Он с удовольствием увидел чистую, аккуратно постланную постель. Он жаждал поскорее очутиться в ней. Не понравилось ему только стёганое одеяло блестящего зелёного шёлка — он не любил безвкусной, крикливой роскоши. Одеяла этого не было на кровати, когда он уходил. Бруно не помнил, чем она была тогда покрыта, но он был твёрдо уверен, что не этим безвкусным одеялом, которое, впрочем, легко снять. Он снял его, старательно сложил и, повернувшись, споткнулся о табурет, обитый зелёным сукном, с зелёной же шёлковой бахромой. И табурета этого он тоже не видел здесь раньше. Он на мгновение встревожился, думая, что попал не в ту комнату, и шагнул к дверям, намереваясь кликнуть Луиджи, который в такой поздний час уже, вероятно, забрался в какую-нибудь каморку, куда никакие звуки не доходят. Но затем он решил сперва осмотреться и проверить, принесены ли в эту комнату его вещи.
Да, вот его сундук и пачки непереплетённых книг, которые он надеялся продать в книжные лавки на Фреццарии и Мерчерии. Значит, это его комната. Но, к своей досаде, он обнаружил, что сундук открыт и вещи из него вынуты: грязные сорочки и чулки Лежат на видном месте. Ещё досаднее было то, что и рукописи его вынуты и разложены на резном сундуке. Он торопливо подошёл и начал проверять, в порядке ли они, не потеряны ли и не перепутаны ли листы. Ему попалось при этом на глаза знакомое место, и, перечтя его, он подумал, что написано это недурно. Даже хорошо.

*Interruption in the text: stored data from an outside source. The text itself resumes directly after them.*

(* Every complex $3$-dimensional binary $\mathfrak{perm}$ superalgebra of type $(2,1)$ is a $\mathfrak{perm}$ superalgebra.
   Context: All algebras are over $\mathbb{C}$. A superalgebra is a $\mathbb{Z}_2$-graded algebra $A=A_0\oplus A_1$ with $A_iA_j\subseteq A_{i+j \bmod 2}$; $|x|\in\{0,1\}$ is the degree of a homogeneous $x$. It has type $(n,m)$ if $\dim A_0=n$, $\dim A_1=m$. The associator is $(x,y,z)=(xy)z-x(yz)$. A $\mathfrak{perm}$ superalgebra is a superalgebra satisfying $(x,y,z)=0$ and $x(yz)=(-1)^{|y||z|}x(zy)$ for all homogeneous $x,y,z$. A binary $\mathfrak{perm}$ superalgebra is a superalgebra satisfying, for all homogeneous $x,y,z$: $(x,y,z)=-(-1)^{|y||z|}(x,z,y)=-(-1)^{|x||y|}(y,x,z)$ and $(xy)z+(-1)^{|x||y|+|x||z|+|y||z|}(zy)x=(-1)^{|y||z|}(xz)y+(-1)^{|x||z|+|y||z|}(zx)y$. *)

theory Defs
  imports Complex_Main
begin

definition grade :: "'a set \<Rightarrow> 'a set \<Rightarrow> nat \<Rightarrow> 'a set" where
  "grade A0 A1 d = (if d = 0 then A0 else A1)"

definition bilinear_prod ::
  "(complex \<Rightarrow> 'a::ab_group_add \<Rightarrow> 'a) \<Rightarrow> ('a \<Rightarrow> 'a \<Rightarrow> 'a) \<Rightarrow> bool" where
  "bilinear_prod sc m \<longleftrightarrow>
     (\<forall>x y z. m (x + y) z = m x z + m y z) \<and>
     (\<forall>x y z. m x (y + z) = m x y + m x z) \<and>
     (\<forall>c x y. m (sc c x) y = sc c (m x y)) \<and>
     (\<forall>c x y. m x (sc c y) = sc c (m x y))"

definition superalgebra_of_type ::
  "(complex \<Rightarrow> 'a::ab_group_add \<Rightarrow> 'a) \<Rightarrow> ('a \<Rightarrow> 'a \<Rightarrow> 'a) \<Rightarrow> 'a set \<Rightarrow> 'a set \<Rightarrow> nat \<Rightarrow> nat \<Rightarrow> bool" where
  "superalgebra_of_type sc m A0 A1 n k \<longleftrightarrow>
     vector_space sc \<and> bilinear_prod sc m \<and>
     module.subspace sc A0 \<and> module.subspace sc A1 \<and>
     A0 \<inter> A1 = {0} \<and> (\<forall>x. \<exists>a\<in>A0. \<exists>b\<in>A1. x = a + b) \<and>
     vector_space.dim sc A0 = n \<and> vector_space.dim sc A1 = k \<and>
     (\<forall>i<2. \<forall>j<2. \<forall>x\<in>grade A0 A1 i. \<forall>y\<in>grade A0 A1 j. m x y \<in> grade A0 A1 ((i + j) mod 2))"

definition assoc :: "('a::ab_group_add \<Rightarrow> 'a \<Rightarrow> 'a) \<Rightarrow> 'a \<Rightarrow> 'a \<Rightarrow> 'a \<Rightarrow> 'a" where
  "assoc m x y z = m (m x y) z - m x (m y z)"

definition sgn_act :: "(complex \<Rightarrow> 'a \<Rightarrow> 'a) \<Rightarrow> nat \<Rightarrow> 'a \<Rightarrow> 'a" where
  "sgn_act sc k v = sc ((-1) ^ k) v"

definition perm_super ::
  "(complex \<Rightarrow> 'a::ab_group_add \<Rightarrow> 'a) \<Rightarrow> ('a \<Rightarrow> 'a \<Rightarrow> 'a) \<Rightarrow> 'a set \<Rightarrow> 'a set \<Rightarrow> bool" where
  "perm_super sc m A0 A1 \<longleftrightarrow>
    (\<forall>dx<2. \<forall>dy<2. \<forall>dz<2. \<forall>x\<in>grade A0 A1 dx. \<forall>y\<in>grade A0 A1 dy. \<forall>z\<in>grade A0 A1 dz.
       assoc m x y z = 0 \<and>
       m x (m y z) = sgn_act sc (dy * dz) (m x (m z y)))"

definition binary_perm_super ::
  "(complex \<Rightarrow> 'a::ab_group_add \<Rightarrow> 'a) \<Rightarrow> ('a \<Rightarrow> 'a \<Rightarrow> 'a) \<Rightarrow> 'a set \<Rightarrow> 'a set \<Rightarrow> bool" where
  "binary_perm_super sc m A0 A1 \<longleftrightarrow>
    (\<forall>dx<2. \<forall>dy<2. \<forall>dz<2. \<forall>x\<in>grade A0 A1 dx. \<forall>y\<in>grade A0 A1 dy. \<forall>z\<in>grade A0 A1 dz.
       assoc m x y z = - sgn_act sc (dy * dz) (assoc m x z y) \<and>
       assoc m x y z = - sgn_act sc (dx * dy) (assoc m y x z) \<and>
       m (m x y) z + sgn_act sc (dx * dy + dx * dz + dy * dz) (m (m z y) x)
         = sgn_act sc (dy * dz) (m (m x z) y) + sgn_act sc (dx * dz + dy * dz) (m (m z x) y))"

end

theory Submission
  imports Defs
begin

(* In the even part A0 all signs of the graded identities are +, so the associator is a trilinear
   map vanishing whenever two of its arguments coincide; on a space spanned by two vectors such a
   map is zero, hence A0 is associative. Associativity turns the third identity into invariance of
   x(yz) - x(zy) under cyclic permutation, and since this vanishes for y = z, the same argument
   makes A0 a perm algebra.
   The odd part is the line spanned by f, so a f = left_coeff(a) f and f a = right_coeff(a) f for
   even a. Then (af)b = a(fb) holds outright, the first two identities carry this to the other
   associators with one odd argument, and the third one yields
   left_coeff a * left_coeff b = left_coeff a * right_coeff b. Combined with the identities for two
   odd arguments this forces f f to annihilate both A0 and f, which settles every identity with an
   odd argument. *)

definition trilinear :: "('s \<Rightarrow> 'a::ab_group_add \<Rightarrow> 'a) \<Rightarrow> ('a \<Rightarrow> 'a \<Rightarrow> 'a \<Rightarrow> 'a) \<Rightarrow> bool" where
  "trilinear sc T \<longleftrightarrow>
     (\<forall>x x' y z. T (x + x') y z = T x y z + T x' y z) \<and>
     (\<forall>x y y' z. T x (y + y') z = T x y z + T x y' z) \<and>
     (\<forall>x y z z'. T x y (z + z') = T x y z + T x y z') \<and>
     (\<forall>c x y z. T (sc c x) y z = sc c (T x y z)) \<and>
     (\<forall>c x y z. T x (sc c y) z = sc c (T x y z)) \<and>
     (\<forall>c x y z. T x y (sc c z) = sc c (T x y z))"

На пороге появилась Тита. Бруно закрыл дверь неплотно, и теперь она отворилась без скрипа. Он не слышал, как вошла Тита, но ощутил её присутствие в комнате, как будто она заслонила собой свет и тень её упала на него. Он ощутил странный жар в крови, подумав о её тонких руках. Тита медленно вошла в комнату. Так медленно, словно ноги её были скованы цепью, заставлявшей её идти мелкими шажками, и она безмолвно просила расковать её. Её смущение было приятно Бруно. Он сразу догадался, что это она принесла сюда одеяло и табурет, и пожалел, зачем снял одеяло и положил на шкаф. Но он чутьём угадал, что говорить об одеяле сейчас было бы бестактно, это помешало бы Тите быть спокойно-дружелюбной, как она хотела. Бруно был уверен, что и она не скажет ничего. Завтра утром надо будет самому постлать постель и покрыть её этим одеялом. Но даже и это решение его не удовлетворяло.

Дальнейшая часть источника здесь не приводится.